lemma beta_letter_between_cuts:
  assumes "1 \<le> k" and "k < length w" and "\<not> (first_cut \<le> k \<and> (cut_pos (k + 1) \<or> k + 1 = length w))"
  shows "k + 1 < length w"
    and "infix_value 0 (anchor_pos k) * beta_letter (letter_at (nth_opt w) (int k)) =
      infix_value 0 (anchor_pos (k + 1))"
proof -
  show "k + 1 < length w"
    using assms(2,3) first_cut(1) by (auto simp: cut_pos_iff)
  moreover have no_cut: "\<not> (first_cut \<le> k \<and> cut_pos (k + 1))"
    using assms(3) by auto
  ultimately have "anchor_pos (k + 1) = anchor_pos k"
    "letter_at (nth_opt w) (int k) =
      (Some (idem_at (anchor_pos k)), idem_at (anchor_pos k), Some (idem_at (anchor_pos k)))"
    using assms letter_at_nth_opt[OF assms(2)] middle_nth_opt[OF assms(2)] anchor_pos_Suc[of k]
    by (cases "first_cut \<le> k"; simp)+
  moreover have "e * e = e" "infix_value 0 (anchor_pos k) * e = infix_value 0 (anchor_pos k)"
    if "e = idem_at (anchor_pos k)" for e
    using that cut_pos_idem_at[OF cut_pos_anchor_pos] idems_idem by simp_all
  ultimately show "infix_value 0 (anchor_pos k) * beta_letter (letter_at (nth_opt w) (int k)) =
      infix_value 0 (anchor_pos (k + 1))"
    by (simp add: mult.assoc[symmetric])
qed

lemma beta_letter_step:
  assumes "1 \<le> k" and "k < length w"
  shows "infix_value 0 (anchor_pos k) * beta_letter (letter_at (nth_opt w) (int k)) =
    (if k + 1 < length w then infix_value 0 (anchor_pos (k + 1)) else \<alpha> w)"
proof (cases "first_cut \<le> k \<and> (cut_pos (k + 1) \<or> k + 1 = length w)")
  case True
  then show ?thesis
    using beta_letter_before_boundary[OF assms(2)] by blast
next
  case False
  then show ?thesis
    using beta_letter_between_cuts[OF assms False] by simp
qed

lemma prefix_product_letters:
  assumes "1 \<le> k" and "k \<le> length w"
  shows "prod_list (map (\<lambda>i. beta_letter (letter_at (nth_opt w) (int i))) [0..<k]) =
    (if k < length w then infix_value 0 (anchor_pos k) else \<alpha> w)"
  using assms
proof (induction k)
  case (Suc k)
  show ?case
  proof (cases "k = 0")
    case True
    then show ?thesis
      using Suc.prems beta_letter_first two_le_length by simp
  next
    case False
    then show ?thesis
      using Suc beta_letter_step[of k] by simp
  qed
qed simp

lemma letters_in_Bset: "map (\<lambda>i. letter_at (nth_opt w) (int i)) [0..<length w] \<in> lists (Bset \<alpha>)"
  using cut_pos_idem_at(1)[OF cut_pos_anchor_pos]
  by (auto simp: Bset_def idems_def letter_at_nth_opt split: if_splits)

lemma letters_well_formed: "well_formed \<alpha> (map (\<lambda>i. letter_at (nth_opt w) (int i)) [0..<length w])"
proof -
  have "0 < length w" "length w - 1 < length w"
    using two_le_length by linarith+
  then show ?thesis
    using cut_pos_idem_at(1)[OF cut_pos_anchor_pos]
    using letter_at_nth_opt[of 0]
    by (auto simp: well_formed_def idems_def letter_at_nth_opt)
qed

lemma beta_letters: "beta (map (\<lambda>i. letter_at (nth_opt w) (int i)) [0..<length w]) = \<alpha> w"
  using prefix_product_letters[of "length w"] two_le_length by (simp add: beta_def o_def)

end

end

definition eta :: "'a list \<Rightarrow> 'm bletter list" where
  "eta w = (if length w < reach then [(None, \<alpha> w, None)]
            else map (\<lambda>i. letter_at (nth_opt w) (int i)) [0..<length w])"

lemma eta_properties: "eta w \<in> lists (Bset \<alpha>) \<and> well_formed \<alpha> (eta w) \<and> \<alpha> w = beta (eta w)"
proof (cases "length w < reach")
  case True
  then show ?thesis
    by (simp add: eta_def Bset_def well_formed_def beta_def)
next
  case False
  then show ?thesis
    using letters_in_Bset letters_well_formed beta_letters by (simp add: eta_def)
qed

lemma local_map_eta: "local_map reach radius eta"
  unfolding local_map_def
proof (intro conjI allI impI)
  fix w w' :: "'a list" and i i'
  assume "reach \<le> length w" "reach \<le> length w'" "i < length w" "i' < length w'"
    and "neighbourhood radius w i = neighbourhood radius w' i'"
  then show "eta w ! i = eta w' ! i'"
    by (auto simp: eta_def intro!: letter_at_local dest: nth_opt_eq_if_neighbourhood_eq)
qed (simp add: eta_def)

Assignment: From the records above, pick out and copy each line holding the word "auto".

Solution below:
    using assms(2,3) first_cut(1) by (auto simp: cut_pos_iff)
    using assms(3) by auto
  by (auto simp: Bset_def idems_def letter_at_nth_opt split: if_splits)
    by (auto simp: well_formed_def idems_def letter_at_nth_opt)
    by (auto simp: eta_def intro!: letter_at_local dest: nth_opt_eq_if_neighbourhood_eq)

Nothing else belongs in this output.